THE PRODUCTION OF SUGARS AND STARCHES
The next step in the process, the conversion of formaldehyde into sugars and starches, is not necessarily a _photo_synthetic one, as it can be brought about by protoplasm which contains no chlorophyll or other energy-absorbing pigment. It is, however, a characteristic synthetic activity of living protoplasm. There is little definite knowledge as to how the cell protoplasm accomplishes this important task. As has been pointed out, the polymerization of formaldehyde into a sugar-like hexose, known as "acrose," can be easily accomplished by ordinary laboratory reactions, and acrose can be converted into glucose or fructose by a long and difficult series of transformations. But such processes as are employed in the laboratory to accomplish these artificial synthesis of optically-active sugars from formaldehyde can have no relation whatever to the methods of condensation which are used by cell protoplasm in its easy, almost instantaneous, and nearly continuous accomplishment of this transformation. Furthermore, these simple hexoses are by no means the final products of cell synthesis, even of carbohydrates alone. In many plants, starch appears as the final, if not the first, product of formaldehyde condensation. At least, the transformation of the simple sugars, which may be supposed to be the first products, into starch is effected so nearly instantaneously that it is impossible to detect measurable quantities of these sugars in the photosynthetically active cells of such plants. Other species of plants always show considerable quantities of simple sugars in the vegetative tissues, and some even store up their reserve carbohydrate food material in the form of glucose or sucrose. Attempts have been made to associate the type of carbohydrate formed in cell synthesis with the botanical families to which the plants belong, but with no very great success. For each individual species, however, the form of carbohydrate produced is always the same, at least under normal conditions of growth. For example, the sugar beet always stores up sucrose in its roots, although under abnormal conditions considerable quantities of raffinose are developed. Similarly, potatoes always store up starch, but with abnormally low temperatures considerable quantities of this may be converted into sugar, which becomes starch again with the return to normal conditions.
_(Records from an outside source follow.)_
lemma cospherical_if_affine_dependencies_annihilate_sqnorm:
  fixes q :: "nat \<Rightarrow> 'a::euclidean_space"
  assumes inj: "inj_on q {..<N}" and "2 \<le> N"
    and annihilate: "\<And>w. (\<Sum>i<N. w i) = 0 \<Longrightarrow> (\<Sum>i<N. w i *\<^sub>R q i) = 0 \<Longrightarrow>
      (\<Sum>i<N. w i * (norm (q i))\<^sup>2) = 0"
  shows "cospherical N q"
proof -
  define h where "h i = (q i, 1::real, (norm (q i))\<^sup>2)" for i
  have inj_h: "inj_on h {..<N}"
    using inj by (auto simp: h_def inj_on_def)
  have "(0, 0, 1) \<notin> span (h ` {..<N})"
  proof
    assume "(0, 0, 1) \<in> span (h ` {..<N})"
    then obtain u where "(0, 0, 1) = (\<Sum>v\<in>h ` {..<N}. u v *\<^sub>R v)"
      by (auto simp: span_finite)
    then have u: "(0, 0, 1) = (\<Sum>i<N. u (h i) *\<^sub>R h i)"
      by (simp add: sum.reindex[OF inj_h])
    have "(\<Sum>i<N. u (h i)) = 0" "(\<Sum>i<N. u (h i) *\<^sub>R q i) = 0"
      "(\<Sum>i<N. u (h i) * (norm (q i))\<^sup>2) = 1"
      using arg_cong[OF u, of fst] arg_cong[OF u, of "fst \<circ> snd"] arg_cong[OF u, of "snd \<circ> snd"]
      by (simp_all add: fst_sum snd_sum h_def)
    then show False
      using annihilate by fastforce
  qed
  then obtain z1 z2 z3 where z: "\<And>i. i < N \<Longrightarrow> inner (z1, z2, z3) (h i) = 0"
    and "inner (z1, z2, z3) (0, 0, 1) \<noteq> 0"
    by (metis orthogonal_witness_if_not_in_span imageI lessThan_iff prod_cases3)
  then have "z3 \<noteq> 0"
    by simp
  define c where "c = - (1 / (2 * z3)) *\<^sub>R z1"
  have "(dist (q i) c)\<^sup>2 = (norm c)\<^sup>2 - z2 / z3" if "i < N" for i
  proof -
    have "inner z1 (q i) = - z2 - z3 * (norm (q i))\<^sup>2"
      using z[OF that] by (simp add: h_def)
    then have "inner (q i) c = (z2 / z3 + (norm (q i))\<^sup>2) / 2"
      using \<open>z3 \<noteq> 0\<close> by (simp add: c_def inner_commute field_simps)
    then show ?thesis
      by (simp add: dist_norm power2_norm_eq_inner inner_diff inner_commute)
  qed
  then have "\<forall>i<N. dist (q i) c = sqrt ((norm c)\<^sup>2 - z2 / z3)"
    by (metis real_sqrt_unique zero_le_dist)
  then show ?thesis
    by (rule cospherical_if_equidistant[OF inj \<open>2 \<le> N\<close>])
qed

lemma cospherical_if_psd_shift_neg_sqdist:
  fixes q :: "nat \<Rightarrow> 'a::euclidean_space"
  assumes "inj_on q {..<N}" "2 \<le> N" "psd (smult_mat r (J_mat N) + - sqdist_mat N q)"
  shows "cospherical N q"
  using assms affine_dependency_annihilates_sqnorm_if_psd[OF assms(3)]
  by (intro cospherical_if_affine_dependencies_annihilate_sqnorm) simp_all
(* Fix one of the types A, B, D below with its group $G$ of orthogonal transformations of $\mathbb{R}^n$ and its domain $C\subset\mathbb{R}^n$. Let $(\xi_1,\dots,\xi_n)$ be a tuple of random vectors in $\mathbb{R}^d$ satisfying all assumptions of that type except possibly the general position assumption, with associated convex hull $H_{n,d}$, and let $A$ be the random $d\times n$ matrix with columns $\xi_1,\dots,\xi_n$, viewed as a linear map $\mathbb{R}^n\to\mathbb{R}^d$. Then for every $g\in G$, $$\mathbb{P}[0\in H_{n,d}]=\mathbb{P}[\ker A\cap(g\bar C)\neq\{0\}].$$
   Context: $e_1,\dots,e_n$ is the standard basis of $\mathbb{R}^n$ and $\bar C$ the closure of $C$. For a tuple $(\xi_1,\dots,\xi_n)$ of random vectors in $\mathbb{R}^d$, put $S_k=\xi_1+\dots+\xi_k$ and $S_n^*=S_{n-1}-\xi_n$. Type A: $n\ge d+1$; the tuple is exchangeable ($(\xi_1,\dots,\xi_n)\stackrel{d}{=}(\xi_{\sigma(1)},\dots,\xi_{\sigma(n)})$ for all permutations $\sigma$); $S_n=0$ a.s.; general position assumption: any $d$ vectors among $S_1,\dots,S_{n-1}$ are linearly independent a.s.; $H_{n,d}=\mathrm{Conv}(S_1,\dots,S_{n-1})$; $G$ consists of the maps $g_\sigma(e_k)=e_{\sigma(k)}$, $\sigma$ a permutation of $\{1,\dots,n\}$; $C=\{x\in\mathbb{R}^n:x_1<\dots<x_n,\ x_1+\dots+x_n=0\}$. Type B: $n\ge d$; $(\xi_1,\dots,\xi_n)\stackrel{d}{=}(\varepsilon_1\xi_{\sigma(1)},\dots,\varepsilon_n\xi_{\sigma(n)})$ for all permutations $\sigma$ and all signs $\varepsilon_i\in\{-1,1\}$; general position assumption: any $d$ vectors among $S_1,\dots,S_n$ are linearly independent a.s.; $H_{n,d}=\mathrm{Conv}(S_1,\dots,S_n)$; $G$ consists of the maps $g_{\sigma,\varepsilon}(e_k)=\varepsilon_ke_{\sigma(k)}$ with $\sigma$ a permutation and $\varepsilon\in\{-1,1\}^n$; $C=\{x:0<x_1<\dots<x_n\}$. Type D: $n\ge\max\{2,d\}$; the same invariance as type B but only for signs with $\varepsilon_1\cdots\varepsilon_n=1$; general position assumption: any $d$ vectors from either collection $S_1,\dots,S_n$ or $S_1,\dots,S_{n-1},S_n^*$ are linearly independent a.s.; $H_{n,d}=\mathrm{Conv}(S_1,\dots,S_n,S_n^* )$; $G$ consists of the maps $g_{\sigma,\varepsilon}$ with $\varepsilon_1\cdots\varepsilon_n=1$; $C=\{x:0<|x_1|<x_2<\dots<x_n\}$. *)

theory Defs
  imports "HOL-Probability.Probability"
begin
text \<open>With \<open>Z = \<langle>x\<^sub>i, v\<rangle>\<close> and \<open>t = 1/\<parallel>v\<parallel>\<close> we have \<open>E exp(tZ) = e\<^sup>1\<^sup>/\<^sup>2\<close> but \<open>E exp(2tZ) = e\<^sup>2\<close>;
  by \<open>exp_mult_split_bound\<close> this is impossible unless \<open>|Z| \<ge> 1/20\<close> with some probability.\<close>
lemma row_anticoncentration:
  assumes i: "i \<in> I" and fin: "finite I" "finite J"
    and v: "1/4 \<le> (\<Sum>j\<in>J. (v j)\<^sup>2)" "(\<Sum>j\<in>J. (v j)\<^sup>2) \<le> 4"
  shows "1/40 \<le> (\<integral>x. (if 1/20 \<le> \<bar>matvec J x v i\<bar> then 1 else (0::real)) \<partial>std_gaussian (I \<times> J))"
proof -
  let ?M = "std_gaussian (I \<times> J)"
  interpret prob_space ?M by (rule prob_space_std_gaussian)
  define S where "S = (\<Sum>j\<in>J. (v j)\<^sup>2)"
  define t where "t = 1 / sqrt S"
  define ind where "ind x = (if 1/20 \<le> \<bar>matvec J x v i\<bar> then 1 else (0::real))" for x
  have S: "S > 0" using v by (simp add: S_def)
  have t2S: "t\<^sup>2 * S = 1" using S by (simp add: t_def power_divide)
  have "1/2 \<le> sqrt S"
    using real_sqrt_le_mono[of "1/4" S] v by (simp add: S_def real_sqrt_divide)
  then have t: "0 < t" "t \<le> 2" using S by (auto simp: t_def field_simps)
  have "(\<lambda>x. matvec J x v i) \<in> borel_measurable ?M"
    using i by (intro borel_measurable_sum borel_measurable_times measurable_component_singleton) auto
  then have "ind \<in> borel_measurable ?M" unfolding ind_def by measurable
  then have ind_int: "integrable ?M ind"
    by (intro integrable_const_bound[where B=1]) (auto simp: ind_def)
  note moments = std_gaussian_exp_row_moment[OF i fin, of _ v]
  have split: "exp (t * matvec J x v i) \<le> exp (1/10) + exp ((2 * t) * matvec J x v i) / 40 + 10 * ind x" for x
    unfolding ind_def by (rule exp_mult_split_bound[OF t])
  have "exp (1/2) = (\<integral>x. exp (t * matvec J x v i) \<partial>?M)"
    using t2S by (simp add: moments(2) S_def)
  also have "\<dots> \<le> (\<integral>x. exp (1/10) + exp ((2 * t) * matvec J x v i) / 40 + 10 * ind x \<partial>?M)"
    by (rule integral_mono)
      (auto intro!: moments(1) ind_int Bochner_Integration.integrable_add integrable_divide
        integrable_mult_right split)
  also have "\<dots> = exp (1/10) + exp 2 / 40 + 10 * (\<integral>x. ind x \<partial>?M)"
    using moments(1)[of "2 * t"] ind_int t2S
    by (simp add: moments(2) prob_space power_mult_distrib S_def)
  finally show ?thesis using exp_numeric_bounds unfolding ind_def by linarith
qed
While it is impossible, with our present knowledge, to even guess at the mechanism by which protoplasm condenses formaldehyde into sugars and these, in turn, into more complex carbohydrates, the structure and relationships to each other of the final products of photosynthesis are well known, and are discussed at length in the following chapter.
References
BARNES, C. R.--"Physiology" (Part II of Coulter, Barnes and Cowles' "Textbook of Botany"), 187 pages, 18 figs., Chicago, 1910.
GANONG, W. F.--"Plant Physiology," 265 pages, 65 figs., New York, 1908 (2d ed.).
JOST, L., trans. by GIBSON, R. J. H.--"Plant Physiology," 564 pages, 172 figs., Oxford, 1907.
MARCHLEWSKI, L.--"Die Chemie des Chlorophylls," 187 pages, 5 figs., 7 plates, Berlin, 1909.
PARKIN, JOHN.--"The Carbohydrates of the Foliage Leaf of the Snowdrop (_Galanthus nivalis L._) and their Bearing on the First Sugar of Photosynthesis," in _Biochemical Journal_, Vol. 6, pages 1 to 47, 1912.
PFEFFER, W., trans. by EWART, A. J.--"Physiology of Plants." Vol. I, 632 pages, 70 figs., Oxford, 1900.